Hartz-4-Kinder mit Lese-Rechtschreibschwäche sollen vom Jobcenter auch längerfristig eine Lernförderung erhalten. Das entschied das Bundessozialgericht (BSG) am Mittwoch in Kassel. Die Entscheidung, welche Förderung im Einzelfall angemessen ist, liegt aber im Ermessen des jeweiligen Jobcenters.
Was war der Hintergrund?

Bei einem 16-Jährigen aus Bad Segeberg wurde bereits 2011, als er in der dritten Klasse war, eine Lese-Rechtschreibschwäche festgestellt. Daraufhin nahm er mehrere Jahre lang Förderunterricht.
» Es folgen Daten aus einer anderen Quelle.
lemma det_channels_eq_range: "det_channels = range det_channel_of"
proof (intro equalityI subsetI)
  fix D :: "real^'n^'m"
  assume "D \<in> det_channels"
  then have nonneg: "\<And>i j. D $ i $ j \<ge> 0" and row: "\<And>i. (\<Sum>j\<in>UNIV. D $ i $ j) = 1"
    and zero_one: "\<And>i j. D $ i $ j = 0 \<or> D $ i $ j = 1"
    unfolding det_channels_def channel_def by auto
  have "\<exists>j. D $ i $ j = 1" for i
    using row[of i] zero_one[of i] by (metis (no_types) sum.neutral zero_neq_one)
  then obtain f where f: "\<And>i. D $ i $ f i = 1"
    by metis
  have "D $ i $ j = 0" if "j \<noteq> f i" for i j
  proof -
    have "(\<Sum>j'\<in>{j, f i}. D $ i $ j') \<le> (\<Sum>j'\<in>UNIV. D $ i $ j')"
      by (rule sum_mono2) (auto simp: nonneg)
    then show ?thesis
      using that f[of i] row[of i] zero_one[of i j] by simp
  qed
  then have "D = det_channel_of f"
    by (auto simp: vec_eq_iff f)
  then show "D \<in> range det_channel_of"
    by blast
qed (auto simp: det_channels_def channel_def)

lemma det_channels_nth: "D \<in> det_channels \<Longrightarrow> D $ i $ j = 0 \<or> D $ i $ j = 1"
  by (simp add: det_channels_def)

lemma finite_det_channels: "finite (det_channels :: (real^'n^'m) set)"
  by (simp add: det_channels_eq_range)

lemma sum_det_channels: "(\<Sum>D\<in>det_channels. g D) = (\<Sum>f\<in>UNIV. g (det_channel_of f))"
  by (simp add: det_channels_eq_range sum.reindex[OF inj_det_channel_of])

lemma rank_det_channel_of_pos: "rank (det_channel_of f) > 0"
proof -
  have "det_channel_of f $ i $ f i \<noteq> 0" for i
    by simp
  then have "det_channel_of f \<noteq> 0"
    by (metis vec_lambda_unique zero_index)
  then show ?thesis
    using rank_eq_0 by blast
qed

lemma rank_le_if_zero_column:
  fixes A :: "real^'n^'m"
  assumes "\<And>i. A $ i $ j = 0"
  shows "rank A \<le> CARD('n) - 1"
proof -
  have "columns A \<subseteq> span ((\<lambda>k. column k A) ` (UNIV - {j}))"
  proof
    fix x
    assume "x \<in> columns A"
    then obtain k where "x = column k A"
      by (auto simp: columns_def)
    moreover have "column j A = 0"
      using assms by (simp add: column_def vec_eq_iff)
    ultimately show "x \<in> span ((\<lambda>k. column k A) ` (UNIV - {j}))"
      by (cases "k = j") (auto simp: span_zero intro: span_base)
  qed
  then have "dim (columns A) \<le> card ((\<lambda>k. column k A) ` (UNIV - {j}))"
    by (intro dim_le_card) auto
  also have "\<dots> \<le> card (UNIV - {j})"
    by (rule card_image_le) simp
  finally show ?thesis
    by (simp add: column_rank_def card_Diff_singleton)
qed
lemma circular_motion_kinematics:
  fixes f v :: "real \<Rightarrow> real^3" and A :: "real^3"
  assumes f: "\<And>s. f s = vector [r * cos (\<omega> * s + a), r * sin (\<omega> * s + a), h]"
    and fv: "\<And>s. (f has_vector_derivative v s) (at s)"
    and vA: "(v has_vector_derivative A) (at t)"
  shows "lorentz (v t) (v t) = \<omega>\<^sup>2 * ((f t$1)\<^sup>2 + (f t$2)\<^sup>2)"
    and "A = vector [- \<omega>\<^sup>2 * f t$1, - \<omega>\<^sup>2 * f t$2, 0]"
proof -
  have d_cos: "((\<lambda>s. c * cos (\<omega> * s + a)) has_real_derivative - c * \<omega> * sin (\<omega> * s + a)) (at s)"
    and d_sin: "((\<lambda>s. c * sin (\<omega> * s + a)) has_real_derivative c * \<omega> * cos (\<omega> * s + a)) (at s)"
    for c s by (auto intro!: derivative_eq_intros)
  have "(\<lambda>s. f s $ 1) = (\<lambda>s. r * cos (\<omega> * s + a))" "(\<lambda>s. f s $ 2) = (\<lambda>s. r * sin (\<omega> * s + a))"
    "(\<lambda>s. f s $ 3) = (\<lambda>s. h)"
    by (simp_all add: f)
  then have v1: "v s $ 1 = - r * \<omega> * sin (\<omega> * s + a)"
    and v2: "v s $ 2 = r * \<omega> * cos (\<omega> * s + a)"
    and v3: "v s $ 3 = 0" for s
    using has_vector_derivative_component [OF fv [of s]] d_cos d_sin DERIV_const
    by (metis DERIV_unique)+
  show "lorentz (v t) (v t) = \<omega>\<^sup>2 * ((f t$1)\<^sup>2 + (f t$2)\<^sup>2)"
  proof -
    have "lorentz (v t) (v t) = (r * \<omega> * sin (\<omega> * t + a))\<^sup>2 + (r * \<omega> * cos (\<omega> * t + a))\<^sup>2"
      by (simp add: lorentz_def v1 v2 v3 power2_eq_square)
    also have "\<dots> = \<omega>\<^sup>2 * ((r * cos (\<omega> * t + a))\<^sup>2 + (r * sin (\<omega> * t + a))\<^sup>2)"
      by (simp add: power_mult_distrib algebra_simps)
    also have "\<dots> = \<omega>\<^sup>2 * ((f t$1)\<^sup>2 + (f t$2)\<^sup>2)"
      by (simp add: f)
    finally show ?thesis .
  qed
  have "((\<lambda>s. (- r * \<omega>) * sin (\<omega> * s + a)) has_real_derivative A $ 1) (at t)"
    "((\<lambda>s. (r * \<omega>) * cos (\<omega> * s + a)) has_real_derivative A $ 2) (at t)"
    "((\<lambda>s. 0) has_real_derivative A $ 3) (at t)"
    using has_vector_derivative_component [OF vA, of 1] has_vector_derivative_component [OF vA, of 2]
      has_vector_derivative_component [OF vA, of 3] by (simp_all add: v1 v2 v3)
  then have "A $ 1 = (- r * \<omega>) * \<omega> * cos (\<omega> * t + a)"
    "A $ 2 = - (r * \<omega>) * \<omega> * sin (\<omega> * t + a)" "A $ 3 = 0"
    using d_sin d_cos DERIV_const DERIV_unique by blast+
  then have "A $ 1 = - \<omega>\<^sup>2 * f t$1" "A $ 2 = - \<omega>\<^sup>2 * f t$2" "A $ 3 = 0"
    by (simp_all add: f power2_eq_square)
  then show "A = vector [- \<omega>\<^sup>2 * f t$1, - \<omega>\<^sup>2 * f t$2, 0]"
    by (simp add: vec_eq_iff forall_3)
qed

lemma rotating_equal_products_balance:
  fixes m K b :: "nat \<Rightarrow> real" and P w :: "nat \<Rightarrow> real^3" and W c :: real
  assumes products: "\<forall>i<3. \<forall>j<3. i \<noteq> j \<longrightarrow> lorentz (P i) (P j) = c"
    and speed: "\<forall>i<3. lorentz (w i) (w i) = W * ((P i$1)\<^sup>2 + (P i$2)\<^sup>2)"
    and motion: "\<forall>i<3. accel 3 m P (w i) i = vector [- W * P i$1, - W * P i$2, 0]"
    and K_def: "K = (\<lambda>j. m j / (c\<^sup>2 - 1) powr (3/2))"
    and b_def: "b = (\<lambda>i. (1 + c) * K i - c * (\<Sum>j<3. K j) - W * ((P i$1)\<^sup>2 + (P i$2)\<^sup>2))"
    and "i < 3"
  shows "(\<Sum>j<3. K j * P j$1) = (b i - W) * P i$1"
    and "(\<Sum>j<3. K j * P j$2) = (b i - W) * P i$2"
    and "(\<Sum>j<3. K j * P j$3) = b i * P i$3"
proof -
  define S where "S = (\<Sum>j<3. K j *\<^sub>R P j)"
  have "\<forall>j<3. j \<noteq> i \<longrightarrow> lorentz (P i) (P j) = c"
    using products \<open>i < 3\<close> by blast
  then have "accel 3 m P (w i) i = S - b i *\<^sub>R P i"
    using accel_equal_products [of i 3 P c m "w i"] speed \<open>i < 3\<close> unfolding S_def b_def K_def
    by simp
  then have "S = b i *\<^sub>R P i + vector [- W * P i$1, - W * P i$2, 0]"
    using motion \<open>i < 3\<close> by (simp add: algebra_simps)
  then have "S$1 = (b i - W) * P i$1" "S$2 = (b i - W) * P i$2" "S$3 = b i * P i$3"
    by (simp_all add: algebra_simps)
  then show "(\<Sum>j<3. K j * P j$1) = (b i - W) * P i$1"
    and "(\<Sum>j<3. K j * P j$2) = (b i - W) * P i$2"
    and "(\<Sum>j<3. K j * P j$3) = b i * P i$3"
    by (simp_all add: S_def)
qed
Seine Mutter erhielt in dieser Zeit Arbeitslosengeld und hatte Schwierigkeiten, die teuren Kursgebühren von bis zu 89 Euro im Monat aufzubringen. Deshalb beantragte sie die Übernahme der Kosten durch das Jobcenter, welches den Antrag mit der Begründung ablehnte, Hartz-4-Kinder mit Rechtschreibschwäche hätten nur für kurze Zeitabschnitte und bei akuter Versetzungsgefahr einen Anspruch auf Förderung.
Ein wichtiges Urteil für Hartz-4-Empfänger mit Kindern

Das Bundessozialgericht entschied nun auch auf höchster Ebene gegen die Erklärung des Jobcenters (Aktenzeichen B 4 AS 19/17 R). Die Begründung: Es gehe bei der Förderung nicht nur darum, kurzfristig Schulergebnisse zu verbessern und eine Versetzung zu ermöglichen, sondern vielmehr um den Erwerb bedeutsamer Kulturtechniken. Das Gericht berief sich auch auf das Bundesverfassungsgericht, welches gleiche Chancen für Hartz-4-Kinder forderte.
Die Rechtschreibschwäche ist ebenfalls ein Nachteil, der ausgeglichen werden muss. So genießen Legastheniker in vielen Bundesländern einen Notenschutz in der Schule. Lehrer müssen bei der Benotung die Schwäche der Schüler berücksichtigen, so zum Beispiel bei der Bewertung von Rechtschreibfehlern.
Ob dem Schüler aus Bad Segeberg aber seine Kosten erstattet werden, ist nicht abschließend geklärt. Es obliegt nun dem Landessozialgericht in Schleswig-Holstein, zu prüfen, ob der Kurs, den der Junge besuchte, als Förderkurs im Sinne des Urteils zählt und wie stark seine Lese-Rechtschreibschwäche eigentlich war.